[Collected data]

lemma second_difference_eq_mixed_partial:
  fixes g :: "real^'n::finite \<Rightarrow> real"
  assumes h: "0 < h"
    and square: "\<And>s t. 0 \<le> s \<Longrightarrow> s \<le> h \<Longrightarrow> 0 \<le> t \<Longrightarrow> t \<le> h
      \<Longrightarrow> x + s *\<^sub>R axis j 1 + t *\<^sub>R axis l 1 \<in> U"
    and dj: "\<And>y. y \<in> U \<Longrightarrow> has_partial j g y (partial j g y)"
    and dlj: "\<And>y. y \<in> U \<Longrightarrow> has_partial l (partial j g) y (partial l (partial j g) y)"
  shows "\<exists>s t. 0 < s \<and> s < h \<and> 0 < t \<and> t < h \<and>
    g (x + h *\<^sub>R axis j 1 + h *\<^sub>R axis l 1) - g (x + h *\<^sub>R axis j 1) - g (x + h *\<^sub>R axis l 1) + g x
      = h * h * partial l (partial j g) (x + s *\<^sub>R axis j 1 + t *\<^sub>R axis l 1)"
proof -
  let ?ej = "axis j (1::real)" and ?el = "axis l (1::real)"
  have "\<exists>s. 0 < s \<and> s < h \<and>
      (\<lambda>y. g (y + h *\<^sub>R ?el) - g y) (x + h *\<^sub>R ?ej) - (\<lambda>y. g (y + h *\<^sub>R ?el) - g y) x
      = h * (\<lambda>y. partial j g (y + h *\<^sub>R ?el) - partial j g y) (x + s *\<^sub>R ?ej)"
  proof (rule mean_value_along_axis[OF h])
    fix s :: real assume "0 \<le> s" "s \<le> h"
    then have "x + s *\<^sub>R ?ej + h *\<^sub>R ?el \<in> U" "x + s *\<^sub>R ?ej \<in> U"
      using square[of s h] square[of s 0] h by auto
    then show "has_partial j (\<lambda>y. g (y + h *\<^sub>R ?el) - g y) (x + s *\<^sub>R ?ej)
        ((\<lambda>y. partial j g (y + h *\<^sub>R ?el) - partial j g y) (x + s *\<^sub>R ?ej))"
      using has_partial_diff[OF has_partial_shift[OF dj] dj] by simp
  qed
  then obtain s where s: "0 < s" "s < h"
    and outer: "g (x + h *\<^sub>R ?ej + h *\<^sub>R ?el) - g (x + h *\<^sub>R ?ej) - (g (x + h *\<^sub>R ?el) - g x)
      = h * (partial j g (x + s *\<^sub>R ?ej + h *\<^sub>R ?el) - partial j g (x + s *\<^sub>R ?ej))"
    by auto
  have "\<exists>t. 0 < t \<and> t < h \<and> partial j g (x + s *\<^sub>R ?ej + h *\<^sub>R ?el) - partial j g (x + s *\<^sub>R ?ej)
      = h * partial l (partial j g) (x + s *\<^sub>R ?ej + t *\<^sub>R ?el)"
  proof (rule mean_value_along_axis[OF h])
    fix t :: real assume "0 \<le> t" "t \<le> h"
    then show "has_partial l (partial j g) (x + s *\<^sub>R ?ej + t *\<^sub>R ?el)
        (partial l (partial j g) (x + s *\<^sub>R ?ej + t *\<^sub>R ?el))"
      using s by (intro dlj square) auto
  qed
  then obtain t where t: "0 < t" "t < h"
    and inner: "partial j g (x + s *\<^sub>R ?ej + h *\<^sub>R ?el) - partial j g (x + s *\<^sub>R ?ej)
      = h * partial l (partial j g) (x + s *\<^sub>R ?ej + t *\<^sub>R ?el)"
    by blast
  show ?thesis
    using s t outer inner by (intro exI[of _ s] exI[of _ t]) auto
qed

lemma dist_add_axis_le:
  fixes x :: "real^'n::finite"
  assumes "0 \<le> s" "0 \<le> t"
  shows "dist (x + s *\<^sub>R axis j 1 + t *\<^sub>R axis l 1) x \<le> s + t"
proof -
  have "dist (x + s *\<^sub>R axis j 1 + t *\<^sub>R axis l 1) x = norm (s *\<^sub>R axis j (1::real) + t *\<^sub>R axis l 1)"
    by (simp add: dist_norm)
  also have "\<dots> \<le> norm (s *\<^sub>R axis j (1::real)) + norm (t *\<^sub>R axis l (1::real))"
    by (rule norm_triangle_ineq)
  finally show ?thesis using assms by simp
qed

lemma mixed_partials_commute_real:
  fixes g :: "real^'n::finite \<Rightarrow> real"
  assumes U: "open U" and x: "x \<in> U"
    and dj: "\<And>y. y \<in> U \<Longrightarrow> has_partial j g y (partial j g y)"
    and dl: "\<And>y. y \<in> U \<Longrightarrow> has_partial l g y (partial l g y)"
    and dlj: "\<And>y. y \<in> U \<Longrightarrow> has_partial l (partial j g) y (partial l (partial j g) y)"
    and djl: "\<And>y. y \<in> U \<Longrightarrow> has_partial j (partial l g) y (partial j (partial l g) y)"
    and cont_lj: "continuous_on U (partial l (partial j g))"
    and cont_jl: "continuous_on U (partial j (partial l g))"
  shows "partial l (partial j g) x = partial j (partial l g) x"
proof (rule ccontr)
  let ?a = "partial l (partial j g)" and ?b = "partial j (partial l g)"
  assume "?a x \<noteq> ?b x"
  define \<epsilon> where "\<epsilon> = dist (?a x) (?b x) / 2"
  have "\<epsilon> > 0" using \<open>?a x \<noteq> ?b x\<close> by (simp add: \<epsilon>_def)
  then obtain da db where da: "da > 0" "\<And>y. y \<in> U \<Longrightarrow> dist y x < da \<Longrightarrow> dist (?a y) (?a x) < \<epsilon>"
    and db: "db > 0" "\<And>y. y \<in> U \<Longrightarrow> dist y x < db \<Longrightarrow> dist (?b y) (?b x) < \<epsilon>"
    using cont_lj cont_jl x unfolding continuous_on_iff by metis
  obtain r where r: "r > 0" "ball x r \<subseteq> U" using U x open_contains_ball by blast
  define h where "h = min r (min da db) / 3"
  have h: "h > 0" using r da db by (simp add: h_def)
  have close: "x + s *\<^sub>R axis j 1 + t *\<^sub>R axis l 1 \<in> U
      \<and> dist (?a (x + s *\<^sub>R axis j 1 + t *\<^sub>R axis l 1)) (?a x) < \<epsilon>
      \<and> dist (?b (x + s *\<^sub>R axis j 1 + t *\<^sub>R axis l 1)) (?b x) < \<epsilon>"
    if "0 \<le> s" "s \<le> h" "0 \<le> t" "t \<le> h" for s t
  proof -
    let ?y = "x + s *\<^sub>R axis j 1 + t *\<^sub>R axis l 1"
    have near: "dist ?y x < min r (min da db)"
      using dist_add_axis_le[OF that(1,3), of x j l] that h unfolding h_def by linarith
    then have "?y \<in> U" using r by (auto simp: dist_commute)
    with near show ?thesis using da(2) db(2) by simp
  qed
  obtain s t where st: "0 < s" "s < h" "0 < t" "t < h"
    and \<Delta>a: "g (x + h *\<^sub>R axis j 1 + h *\<^sub>R axis l 1) - g (x + h *\<^sub>R axis j 1) - g (x + h *\<^sub>R axis l 1) + g x
      = h * h * ?a (x + s *\<^sub>R axis j 1 + t *\<^sub>R axis l 1)"
    using second_difference_eq_mixed_partial[OF h _ dj dlj] close by blast
  have square_swapped: "x + s *\<^sub>R axis l 1 + t *\<^sub>R axis j 1 \<in> U"
    if "0 \<le> s" "s \<le> h" "0 \<le> t" "t \<le> h" for s t
    using close[OF that(3,4,1,2)] by (simp add: add_ac)
  obtain s' t' where st': "0 < s'" "s' < h" "0 < t'" "t' < h"
    and \<Delta>b: "g (x + h *\<^sub>R axis l 1 + h *\<^sub>R axis j 1) - g (x + h *\<^sub>R axis l 1) - g (x + h *\<^sub>R axis j 1) + g x
      = h * h * ?b (x + s' *\<^sub>R axis l 1 + t' *\<^sub>R axis j 1)"
    using second_difference_eq_mixed_partial[OF h square_swapped dl djl] by blast
  define p q where "p = x + s *\<^sub>R axis j 1 + t *\<^sub>R axis l 1"
    and "q = x + t' *\<^sub>R axis j 1 + s' *\<^sub>R axis l 1"
  have "?a p = ?b q"
    using \<Delta>a \<Delta>b h by (simp add: p_def q_def algebra_simps)
  then have "dist (?a x) (?b x) \<le> dist (?a p) (?a x) + dist (?b q) (?b x)"
    using dist_triangle3[of "?a x" "?b x" "?a p"] by simp
  also have "\<dots> < 2 * \<epsilon>"
    using close[of s t] close[of t' s'] st st' by (simp add: p_def q_def)
  finally show False by (simp add: \<epsilon>_def)
qed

• PROBLEM DETAILS: Would you print, exactly as written, every line above from the one holding "using close[OF that(3,4,1,2)]" through the one holding "axis j 1) + g x", with both included and no other lines?

• TASK RESULT:
    using close[OF that(3,4,1,2)] by (simp add: add_ac)
  obtain s' t' where st': "0 < s'" "s' < h" "0 < t'" "t' < h"
    and \<Delta>b: "g (x + h *\<^sub>R axis l 1 + h *\<^sub>R axis j 1) - g (x + h *\<^sub>R axis l 1) - g (x + h *\<^sub>R axis j 1) + g x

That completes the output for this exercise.